Another example, slightly less contentious, but not quite as obvious, are the predictions of life-history theory. Russ Lande and Brian Charlesworth‘s equations (derived from Guess What) make definite, broad predictions about the evolution of age at first reproduction, reproductive output and other life-history traits. The breadth of these predictions matches the strength of selection to enact changes at the genotypic level. What I mean is that as long as evolution is proceeding in the particular direction predicted by Lande and Charlesworth, then the model is justified. The actual genotypic or even morphological changes, or the diversity of adaptations at a particular level, doesn’t matter to the predictions of the theory. It also doesn’t matter whether you’re talking about yeast, fruit flies, elephant birds or dinosaurs. That’s the level of prediction we have with the theory of selection. It’s not precise like Rembrandt or even early Picasso. It’s a lot more like Jackson Pollock. It’s a mess, but it’s a carefully constrained, disciplined mess that is beautiful itself.
Jackson Pollock; Mural Detail II (Photo credit: notanyron)

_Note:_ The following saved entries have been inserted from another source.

definition Lq_norm :: "ereal \<Rightarrow> ('a::euclidean_space \<Rightarrow> real) \<Rightarrow> ennreal" where
  "Lq_norm q g =
     (if q = \<infinity> then esssup lborel (\<lambda>x. ennreal \<bar>g x\<bar>)
      else (let I = (\<integral>\<^sup>+ x. ennreal (\<bar>g x\<bar> powr real_of_ereal q) \<partial>lborel)
            in if I = \<infinity> then \<infinity> else ennreal (enn2real I powr (1 / real_of_ereal q))))"

definition inv_exp :: "ereal \<Rightarrow> real" where
  "inv_exp q = (if q = \<infinity> then 0 else 1 / real_of_ereal q)"

definition mass :: "('a::euclidean_space \<Rightarrow> real) \<Rightarrow> real" where
  "mass \<phi> = (\<integral> x. \<phi> x \<partial>lborel)"

definition A0 :: "('a::euclidean_space \<Rightarrow> real) \<Rightarrow> real \<Rightarrow> 'a \<Rightarrow> real" where
  "A0 u0 t x = mass u0 * heat_kernel t x"

definition duhamel :: "'a::euclidean_space \<Rightarrow> (real \<Rightarrow> real) \<Rightarrow> (real \<Rightarrow> 'a \<Rightarrow> real)
    \<Rightarrow> real set \<Rightarrow> real \<Rightarrow> 'a \<Rightarrow> real" where
  "duhamel a f U S t x = (\<integral> s\<in>S. dir_deriv a (heat (t - s) (\<lambda>y. f (U s y))) x \<partial>lborel)"

fun Aiter :: "'a::euclidean_space \<Rightarrow> (real \<Rightarrow> real) \<Rightarrow> ('a \<Rightarrow> real) \<Rightarrow> nat \<Rightarrow> real \<Rightarrow> 'a \<Rightarrow> real" where
  "Aiter a f u0 0 t x = A0 u0 t x"
| "Aiter a f u0 (Suc 0) t x = A0 u0 t x + duhamel a f (A0 u0) {0<..<t} t x"
| "Aiter a f u0 (Suc (Suc k)) t x =
     A0 u0 t x + duhamel a f (A0 u0) {0<..<1} t x
       + duhamel a f (Aiter a f u0 (Suc k)) {1<..<t} t x"

end

theory Submission
  imports Defs
begin

text \<open>All iterates are dominated by multiples of one Gaussian profile
  Phi(t,x) = t^(-n/2) exp(-|x|^2/(8t)). Since |f(u)| <= L |u|^p, a Duhamel integrand
  a.grad e^((t-s)Delta) f(U(s)) with |U(s)| <= m Phi(s) is bounded, via an explicit Gaussian
  convolution, by a constant times (t-s)^(-1/2) s^(-n(p-1)/2) Phi(t); integrating in s gives a Beta
  function and the factor t^(-sigma), finite because n(p-1)/2 < 1. The difference
  A_{0,k+1} - A_{0,k} is the Duhamel term of f(A_{0,k}) - f(A_{0,k-1}) over (1,t), so the local
  Lipschitz bound and induction put an extra factor s^(-k sigma) into the Beta integral; it stays
  finite while (k+1) sigma < 1/2, i.e. p < 1 + (k+1)/(kn), and gains t^(-sigma) per step.
  Finally ||Phi(t)||_q = c_q t^(-n/2 (1 - 1/q)).\<close>

section \<open>Gaussian integrals\<close>

lemma nn_integral_gaussian_finite:
  "(\<integral>\<^sup>+x. ennreal (exp (- (norm (x::'a::euclidean_space))\<^sup>2)) \<partial>lborel) < \<infinity>"
proof -
  have "integrable lborel (\<lambda>x. sqrt pi * normal_density 0 (1/sqrt 2) x)" by simp
  moreover have "(\<lambda>x. sqrt pi * normal_density 0 (1/sqrt 2) x) = (\<lambda>x. exp (- x\<^sup>2))"
    by (auto simp: normal_density_def power_divide real_sqrt_mult)
  ultimately have "(\<integral>\<^sup>+x. ennreal (exp (- x\<^sup>2)) \<partial>(lborel::real measure)) < \<infinity>"
    by (simp add: integrable_iff_bounded)
  moreover have "ennreal (exp (- (norm x)\<^sup>2)) = (\<Prod>b\<in>Basis. ennreal (exp (- (x \<bullet> b)\<^sup>2)))" for x :: 'a
  proof -
    have "(norm x)\<^sup>2 = (\<Sum>b\<in>Basis. (x \<bullet> b)\<^sup>2)"
      unfolding power2_norm_eq_inner by (subst euclidean_inner) (simp add: power2_eq_square)
    then show ?thesis by (simp add: exp_sum[symmetric] sum_negf prod_ennreal)
  qed
  then have "(\<integral>\<^sup>+x. ennreal (exp (- (norm (x::'a))\<^sup>2)) \<partial>lborel)
      = (\<Prod>b\<in>(Basis::'a set). (\<integral>\<^sup>+x. ennreal (exp (- x\<^sup>2)) \<partial>lborel))"
    by (simp only:) (rule nn_integral_lborel_prod, auto)
  ultimately show ?thesis
    by (simp add: less_top[symmetric] power_eq_top_ennreal)
qed

definition gaussian_mass :: "'a::euclidean_space itself \<Rightarrow> real" where
  "gaussian_mass _ = enn2real (\<integral>\<^sup>+x. ennreal (exp (- (norm (x::'a))\<^sup>2)) \<partial>lborel)"

lemma gaussian_mass_nonneg: "0 \<le> gaussian_mass TYPE('a::euclidean_space)"
  by (simp add: gaussian_mass_def)

lemma nn_integral_gaussian_affine:
  fixes z :: "'a::euclidean_space"
  assumes c: "0 < c"
  shows "(\<integral>\<^sup>+x. ennreal (exp (- c * (norm (x - z))\<^sup>2)) \<partial>lborel)
       = ennreal (c powr (- real DIM('a) / 2) * gaussian_mass TYPE('a))"
proof -
  define r where "r = 1 / sqrt c"
  have r: "0 < r" using c by (simp add: r_def)
  let ?F = "\<lambda>x::'a. ennreal (exp (- c * (norm (x - z))\<^sup>2))"
  have "lborel = density (distr lborel borel (\<lambda>x::'a. z + r *\<^sub>R x)) (\<lambda>_. \<bar>r\<bar>^DIM('a))"
    by (rule lborel_affine) (use r in auto)
  then have "integral\<^sup>N lborel ?F
      = integral\<^sup>N (density (distr lborel borel (\<lambda>x::'a. z + r *\<^sub>R x)) (\<lambda>_. \<bar>r\<bar>^DIM('a))) ?F"
    by (rule arg_cong)
  also have "\<dots> = (\<integral>\<^sup>+x. ennreal (\<bar>r\<bar>^DIM('a)) * ?F (z + r *\<^sub>R x) \<partial>lborel)"
    by (simp add: nn_integral_density nn_integral_distr)
  also have "\<dots> = (\<integral>\<^sup>+x. ennreal (\<bar>r\<bar>^DIM('a)) * ennreal (exp (- (norm (x::'a))\<^sup>2)) \<partial>lborel)"
    using c r by (simp add: r_def power_mult_distrib real_sqrt_pow2 power_divide)
  also have "\<dots> = ennreal (\<bar>r\<bar>^DIM('a) * gaussian_mass TYPE('a))"
    using nn_integral_gaussian_finite[where 'a='a]
    by (simp add: nn_integral_cmult gaussian_mass_def ennreal_mult ennreal_enn2real_if)
  also have "\<bar>r\<bar>^DIM('a) = c powr (- real DIM('a) / 2)"
  proof -
    have "\<bar>r\<bar>^DIM('a) = (c powr (-1/2)) powr real DIM('a)"
      using c r by (simp add: powr_realpow r_def powr_minus_divide powr_half_sqrt)
    then show ?thesis by (simp add: powr_powr)
  qed
  finally show ?thesis .
qed

lemma integrable_gaussian:
  fixes z :: "'a::euclidean_space"
  assumes "0 < c"
  shows "integrable lborel (\<lambda>y. exp (- c * (norm (y - z))\<^sup>2))"
  using nn_integral_gaussian_affine[OF assms, of z] by (simp add: integrable_iff_bounded)
(* w has period p on the factor of length R + p starting at i. *)
definition repetition :: "(nat \<Rightarrow> 'a) \<Rightarrow> nat \<Rightarrow> nat \<Rightarrow> nat \<Rightarrow> bool" where
  "repetition w i p R \<longleftrightarrow> (\<forall>t<R. w (i + t) = w (i + t + p))"

lemma repetition_Suc: "repetition w i p (Suc R) \<Longrightarrow> repetition w i p R"
  unfolding repetition_def by simp

lemma frac_power_decompose:
  assumes "frac_power_of Z X"
  obtains Z' where "Z = X @ Z'" and "prefix Z' Z"
proof -
  obtain k Y where k: "k \<ge> 1" and Y: "prefix Y X" and Z: "Z = concat (replicate k X) @ Y"
    using assms unfolding frac_power_of_def by blast
  define A where "A = concat (replicate (k - 1) X)"
  obtain k0 where k0: "k = Suc k0" using k by (cases k) auto
  have "Z = X @ (A @ Y)" unfolding Z A_def k0 by simp
  moreover have "concat (replicate k X) = A @ X"
    unfolding A_def k0 by (simp add: replicate_append_same[symmetric])
  then have "prefix (A @ Y) Z" using Y unfolding Z by (simp add: prefix_order.trans)
  ultimately show ?thesis by (rule that)
qed

lemma frac_power_occurrence_repetition:
  assumes fp: "frac_power_of Z X" and oc: "occurs_in Z w"
  obtains i where "repetition w i (length X) (length Z - length X)"
    and "length X \<le> length Z"
proof -
  obtain i where i: "Z = map w [i..<i + length Z]" using oc unfolding occurs_in_def by blast
  obtain Z' where Z': "Z = X @ Z'" and pre: "prefix Z' Z" using fp by (rule frac_power_decompose)
  have "w (i + t) = w (i + t + length X)" if "t < length Z - length X" for t
  proof -
    have "w (i + t) = Z ! t" using that by (subst i) simp
    also have "\<dots> = Z' ! t"
    proof -
      obtain zs where zs: "Z = Z' @ zs" using pre by (auto simp: prefix_def)
      have "t < length Z'" using that Z' by simp
      then show ?thesis unfolding zs by (simp add: nth_append)
    qed
    also have "\<dots> = Z ! (t + length X)" using Z' by (simp add: nth_append)
    also have "\<dots> = w (i + t + length X)" using that Z' by (subst i) (simp add: ac_simps)
    finally show ?thesis .
  qed
  then show ?thesis using that[of i] Z' unfolding repetition_def by simp
qed

lemma map_upt_shift: "map f [a..<a + n] = map (\<lambda>j. f (a + j)) [0..<n]"
  by (induction n) auto

lemma map_mod_upt:
  assumes "0 < p" "r \<le> p"
  shows "map (\<lambda>j. h (j mod p)) [0..<m * p + r]
       = concat (replicate m (map h [0..<p])) @ map h [0..<r]"
proof (induction m)
  case 0
  show ?case using assms by (auto intro!: map_cong)
next
  case (Suc m)
  have "[0..<Suc m * p + r] = [0..<p] @ [p..<p + (m * p + r)]"
    using upt_add_eq_append[of 0 p "m * p + r"] by (simp add: add.assoc)
  also have "[p..<p + (m * p + r)] = map (\<lambda>i. i + p) [0..<m * p + r]"
    by (simp add: map_add_upt add.commute)
  finally have "[0..<Suc m * p + r] = [0..<p] @ map (\<lambda>i. i + p) [0..<m * p + r]" .
  moreover have "map (\<lambda>j. h (j mod p)) [0..<p] = map h [0..<p]" by (auto intro!: map_cong)
  ultimately show ?case using Suc by (simp add: comp_def)
qed

lemma periodic_factor_frac_power:
  assumes p: "0 < p" "p \<le> n" and periodic: "\<forall>j<n. w (s + j) = h (j mod p)"
  obtains Z X where "frac_power_of Z X" "occurs_in Z w" "length Z = n" "length X = p"
proof -
  define Z where "Z = map w [s..<s + n]"
  define X where "X = map h [0..<p]"
  define m where "m = n div p"
  define r where "r = n mod p"
  have n: "n = m * p + r" unfolding m_def r_def by simp
  have r: "r \<le> p" unfolding r_def using p by (simp add: less_imp_le)
  have m: "m \<ge> 1" unfolding m_def using p by (simp add: Suc_le_eq div_greater_zero_iff)
  have "Z = map (\<lambda>j. h (j mod p)) [0..<n]"
    unfolding Z_def map_upt_shift using periodic by (auto intro!: map_cong)
  also have "\<dots> = concat (replicate m X) @ map h [0..<r]"
    unfolding X_def n by (rule map_mod_upt[OF p(1) r])
  finally have Z: "Z = concat (replicate m X) @ map h [0..<r]" .
  have "prefix (map h [0..<r]) X"
    unfolding X_def using upt_add_eq_append[of 0 r "p - r"] r by (simp add: prefixI)
  with Z m p have "frac_power_of Z X" unfolding frac_power_of_def X_def by auto
  moreover have "occurs_in Z w" unfolding occurs_in_def Z_def by auto
  ultimately show ?thesis using that by (simp add: Z_def X_def)
qed

lemma critical_exponent_eqI:
  assumes upper: "\<And>i p R. 0 < p \<Longrightarrow> repetition w i p R \<Longrightarrow> real R + real p \<le> \<alpha> * real p"
    and lower: "\<And>e. 0 < e \<Longrightarrow> \<exists>Z X. frac_power_of Z X \<and> occurs_in Z w
                                    \<and> \<alpha> - e < real (length Z) / real (length X)"
  shows "critical_exponent w = ereal \<alpha>"
  unfolding critical_exponent_def
proof (rule Sup_eqI)
  fix y
  assume "y \<in> {ereal (real (length Z) / real (length X)) | Z X. frac_power_of Z X \<and> occurs_in Z w}"
  then obtain Z X where y: "y = ereal (real (length Z) / real (length X))"
    and fp: "frac_power_of Z X" and oc: "occurs_in Z w" by blast
  obtain i where "repetition w i (length X) (length Z - length X)" and "length X \<le> length Z"
    using frac_power_occurrence_repetition[OF fp oc] .
  moreover have X: "0 < length X" using fp unfolding frac_power_of_def by simp
  ultimately have "real (length Z) \<le> \<alpha> * real (length X)"
    using upper[of "length X" i "length Z - length X"] by simp
  then show "y \<le> ereal \<alpha>" unfolding y using X by (simp add: divide_le_eq)
next
  fix y
  assume ub: "\<And>z. z \<in> {ereal (real (length Z) / real (length X)) | Z X.
                         frac_power_of Z X \<and> occurs_in Z w} \<Longrightarrow> z \<le> y"
  have approx: "\<exists>x. \<alpha> - e < x \<and> ereal x \<le> y" if e: "0 < e" for e
  proof -
    obtain Z X where "frac_power_of Z X" "occurs_in Z w" "\<alpha> - e < real (length Z) / real (length X)"
      using lower[OF e] by blast
    then show ?thesis using ub by blast
  qed
  show "ereal \<alpha> \<le> y"
  proof (cases y)
    case (real y')
    have "\<alpha> \<le> y' + e" if "0 < e" for e
      using approx[OF that] real by fastforce
    then have "\<alpha> \<le> y'" by (rule field_le_epsilon)
    then show ?thesis using real by simp
  next
    case PInf
    then show ?thesis by simp
  next
    case MInf
    then show ?thesis using approx[of 1] by auto
  qed
qed

locale block_word =
  fixes \<alpha> :: real and N :: nat
  assumes alpha_gt_1: "\<alpha> > 1"
    and base_gt_alpha: "2 ^ N > \<alpha>"
    and base_large: "2 * \<alpha> \<le> (\<alpha> - 1) * 2 ^ N"
begin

This morning I’ve realized yet again that the reason I love mathematics is largely aesthetic. I love math for the same reason that I love listening to a great piece of music. Beautiful models and theories are useful, Nahin and I contend, not because they are inherently “correct,” but because they inspire people to work hard at verifying and refining their logical consistency. Nahin points out that Newton and Einstein’s theories of graviation are “wrong” in the sense of making predictions that still hold true. But they are beautiful. We all say “yuck!” when we see someone try to fit a logistic curve to real data, but we don’t always know why we cringe. We cringe because we all know that the logistic wasn’t so well-studied because it was correct. It was so favored because it’s a beautiful equation. It’s as beautiful as the Mandelbrot set or Euler’s Formula, and it’s easy to teach to undergraduates. It makes sense. However, demographers and ecologists all know that it doesn’t really describe human populations. A.J. Lotka didn’t live to see that, but that doesn’t mean his time was wasted (see Lotka, Alfred J. 1998. Analytical theory of biological populations. New York: Plenum Press).